2.6 Å structure of the heterotetrameric ParD-ParE complex of C. crescentus. The ParE toxin is rendered in blue and the ParD antitoxin in red. The N-terminal ParD ribbon-helix-helix DNA binding motif (RHH) is labeled. The 4 secondary structural elements (®1, α1, α2, α3) of ParD are labeled in red on both monomers.

Figure 2.

A) Sedimentation velocity c(M) plot for the ParD-ParE complex. The predominant species, at 0.6 mg/ml, has a sedimentation coefficient that corresponds to a molecular weight of 43.5 kDa. B) Guinier analysis of small angle X-ray scattering data for the ParD-ParE complex. Fitted plots of protein solution at 500μM and 15μM yielded R_g values of 28.2 ± 0.04 and 27.8 ± 0.5 Å, respectively. C) P(r) plot of ParD-ParE calculated from the crystal structure yields a predicted hydration shell radius of gyration of 27.9 Å, consistent with the experimental SAXS data.

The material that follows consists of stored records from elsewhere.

(* Let $G=(V,E)$ be a simple undirected graph with vertex set $V$ and edge set $E$, let $A$ be its vertex-edge incidence matrix, and let $k>4$ be an integer. Suppose every connected component of $G$ has at least four vertices, $|E| = \binom{k}{2}$, and $\operatorname{rank}(A) = k$. Then $G$ has exactly $|V| = k$ vertices.
   Context: The vertex-edge incidence matrix $A$ of $G$ has rows indexed by $V$ and columns indexed by $E$, with entry $a_{ie} = 1$ if vertex $i$ is an endpoint of edge $e$ and $0$ otherwise; its rank is taken over the real (equivalently rational) numbers. *)

theory Defs
  imports "HOL-Analysis.Analysis"
begin

text \<open>A simple undirected graph on the finite vertex type 'v (V = UNIV):
  the edge set E is a set of 2-element vertex sets.\<close>
definition simple_graph :: "'v set set \<Rightarrow> bool" where
  "simple_graph E \<longleftrightarrow> (\<forall>e\<in>E. card e = 2)"

definition adjacent :: "'v set set \<Rightarrow> 'v \<Rightarrow> 'v \<Rightarrow> bool" where
  "adjacent E u v \<longleftrightarrow> {u, v} \<in> E"

definition component :: "'v set set \<Rightarrow> 'v \<Rightarrow> 'v set" where
  "component E v = {u. (adjacent E)\<^sup>*\<^sup>* v u}"

definition incidence_col :: "'v::finite set \<Rightarrow> real ^ 'v" where
  "incidence_col e = (\<chi> i. if i \<in> e then 1 else 0)"
(* Let $k \geq 1$ be a finite integer. The consensus number of the atomic $k$-sliding read/write register type is less than $k+1$; that is, there is no wait-free algorithm implementing consensus among $k+1$ crash-prone asynchronous processes that communicate through atomic read/write registers and any number of atomic $k$-sliding read/write registers.
   Context: System model: $n$ sequential asynchronous processes $p_1,\dots,p_n$ communicating through shared atomic objects; any number of processes may crash (halt prematurely, never recovering); implementations must be wait-free (every operation invoked by a non-crashed process terminates regardless of the behavior of the others). A consensus object provides a single operation $\mathrm{propose}(v)$, invoked at most once per process and returning a value, satisfying: Validity (a decided value was proposed by some process), Agreement (no two processes decide different values), Termination (every correct process that invokes $\mathrm{propose}()$ decides). The consensus number of an object type $T$ is the largest $n$ such that consensus can be wait-free implemented among $n$ processes using atomic read/write registers and objects of type $T$ ($+\infty$ if no such finite $n$ exists). An atomic $k$-sliding read/write register is a shared object whose state is a sequence of values (initially empty), with two atomic (linearizable) operations: $\mathrm{write}(v)$ appends $v$ to the end of the sequence, and $\mathrm{read}()$ returns the ordered sequence of the last $k$ values written before it in the linearization order, where if only $x<k$ values have been written the $k-x$ missing values are replaced by a default value $\bot$. *)

theory Defs
  imports Main
begin

text \<open>
  Shared objects (indexed by an arbitrary type 'o, so any
  number of them) are either atomic read/write registers (with an initial value) or
  atomic k-sliding read/write registers.  Since objects are atomic, an execution is a
  sequence of atomic steps, determined by the inputs and a schedule (an infinite sequence
  of process identifiers).  A crashed process is one that is scheduled only finitely often.
\<close>

datatype objkind = RWReg | SlidingReg

datatype 'r oper = Read | Write 'r

datatype 'r resp = RegVal 'r | Window "'r option list" | Ack

datatype ('v, 'o, 'r) action = Decide 'v | Invoke 'o "'r oper"

record ('s, 'v, 'o, 'r) algorithm =
  init :: "nat \<Rightarrow> 'v \<Rightarrow> 's"
  act  :: "nat \<Rightarrow> 's \<Rightarrow> ('v, 'o, 'r) action"
  upd  :: "nat \<Rightarrow> 's \<Rightarrow> 'r resp \<Rightarrow> 's"

text \<open>Value returned by a read of a k-sliding register whose write history (oldest first)
  is h: the last k written values, oldest first, missing values replaced by bottom (None).\<close>
definition window :: "nat \<Rightarrow> 'r list \<Rightarrow> 'r option list" where
  "window k h = replicate (k - length h) None @ map Some (drop (length h - k) h)"

record ('s, 'v, 'o, 'r) config =
  loc :: "nat \<Rightarrow> 's"
  mem :: "'o \<Rightarrow> 'r list"
  dec :: "nat \<Rightarrow> 'v option"

definition read_resp :: "nat \<Rightarrow> ('o \<Rightarrow> objkind) \<Rightarrow> ('o \<Rightarrow> 'r) \<Rightarrow> 'o \<Rightarrow> 'r list \<Rightarrow> 'r resp" where
  "read_resp k kind rinit ob h =
     (case kind ob of
        RWReg \<Rightarrow> RegVal (if h = [] then rinit ob else last h)
      | SlidingReg \<Rightarrow> Window (window k h))"

text \<open>One atomic step of process p (a decided process has returned from propose and
  takes no further steps).\<close>
definition step :: "nat \<Rightarrow> ('o \<Rightarrow> objkind) \<Rightarrow> ('o \<Rightarrow> 'r) \<Rightarrow> ('s, 'v, 'o, 'r) algorithm
                     \<Rightarrow> nat \<Rightarrow> ('s, 'v, 'o, 'r) config \<Rightarrow> ('s, 'v, 'o, 'r) config" where
  "step k kind rinit A p c =
     (if dec c p \<noteq> None then c else
      (case act A p (loc c p) of
         Decide v \<Rightarrow> c\<lparr>dec := (dec c)(p := Some v)\<rparr>
       | Invoke ob Read \<Rightarrow>
           c\<lparr>loc := (loc c)(p := upd A p (loc c p) (read_resp k kind rinit ob (mem c ob)))\<rparr>
       | Invoke ob (Write r) \<Rightarrow>
           c\<lparr>loc := (loc c)(p := upd A p (loc c p) Ack),
             mem := (mem c)(ob := mem c ob @ [r])\<rparr>))"

definition initial :: "('s, 'v, 'o, 'r) algorithm \<Rightarrow> (nat \<Rightarrow> 'v) \<Rightarrow> ('s, 'v, 'o, 'r) config" where
  "initial A x = \<lparr>loc = (\<lambda>p. init A p (x p)), mem = (\<lambda>_. []), dec = (\<lambda>_. None)\<rparr>"

primrec exec :: "nat \<Rightarrow> ('o \<Rightarrow> objkind) \<Rightarrow> ('o \<Rightarrow> 'r) \<Rightarrow> ('s, 'v, 'o, 'r) algorithm
                  \<Rightarrow> (nat \<Rightarrow> 'v) \<Rightarrow> (nat \<Rightarrow> nat) \<Rightarrow> nat \<Rightarrow> ('s, 'v, 'o, 'r) config" where
  "exec k kind rinit A x \<sigma> 0 = initial A x"
| "exec k kind rinit A x \<sigma> (Suc t) = step k kind rinit A (\<sigma> t) (exec k kind rinit A x \<sigma> t)"

definition solves_consensus ::
  "nat \<Rightarrow> nat \<Rightarrow> ('o \<Rightarrow> objkind) \<Rightarrow> ('o \<Rightarrow> 'r) \<Rightarrow> ('s, 'v, 'o, 'r) algorithm \<Rightarrow> bool" where
  "solves_consensus k n kind rinit A \<longleftrightarrow>
     (\<forall>x \<sigma>. (\<forall>t. \<sigma> t < n) \<longrightarrow>
        (\<forall>t p v. p < n \<longrightarrow> dec (exec k kind rinit A x \<sigma> t) p = Some v \<longrightarrow> (\<exists>q<n. v = x q))
      \<and> (\<forall>t p q v w. p < n \<longrightarrow> q < n \<longrightarrow> dec (exec k kind rinit A x \<sigma> t) p = Some v
             \<longrightarrow> dec (exec k kind rinit A x \<sigma> t) q = Some w \<longrightarrow> v = w)
      \<and> (\<forall>p<n. (\<forall>T. \<exists>t\<ge>T. \<sigma> t = p) \<longrightarrow> (\<exists>t. dec (exec k kind rinit A x \<sigma> t) p \<noteq> None)))"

ParE is Structurally Homologous to E. coli YoeB and RelE Toxins

The ParE toxin is a basic (calculated isoelectric point = 8.9), 96 amino acid protein. The crystal structure of the complex reveals that ParE contains two N-terminal α-helices; α1 spans S7 to R24 and α2 spans G26 to E46. These helices are connected by a single tryptophan, W26, and run antiparallel forming a hairpin tertiary structure that packs against a three-stranded antiparallel β-sheet. β1 spans R62 to S66, β2 spans H69 to V75, and β3 spans V79 to L85. A short N-terminal β-strand, βN, hydrogen bonds in parallel to β3 of the antiparallel β-sheet (Figure 3A).

Figure 3.

A) Wall-eyed stereo rendering of the ParE toxin dimer. The lower toxin monomer is colored by secondary structure as indicated in the legend. The second monomer is rendered in grey for completeness. B) Structure-based sequence alignment of C. crescentus ParE, and E. coli RelE and YoeB, based on pairwise least-squares fitting of Ca for each structure. Sequence position of secondary structure elements are labeled above the alignment. C) An overlay of the Ca traces for C. crescentus ParE, E. coli RelE, and E. coli YoeB colored as indicated in the legend. The bracket indicates the area of C. crescentus ParE α1 + α2 that does not overlay with its structural homologs due to longer helices.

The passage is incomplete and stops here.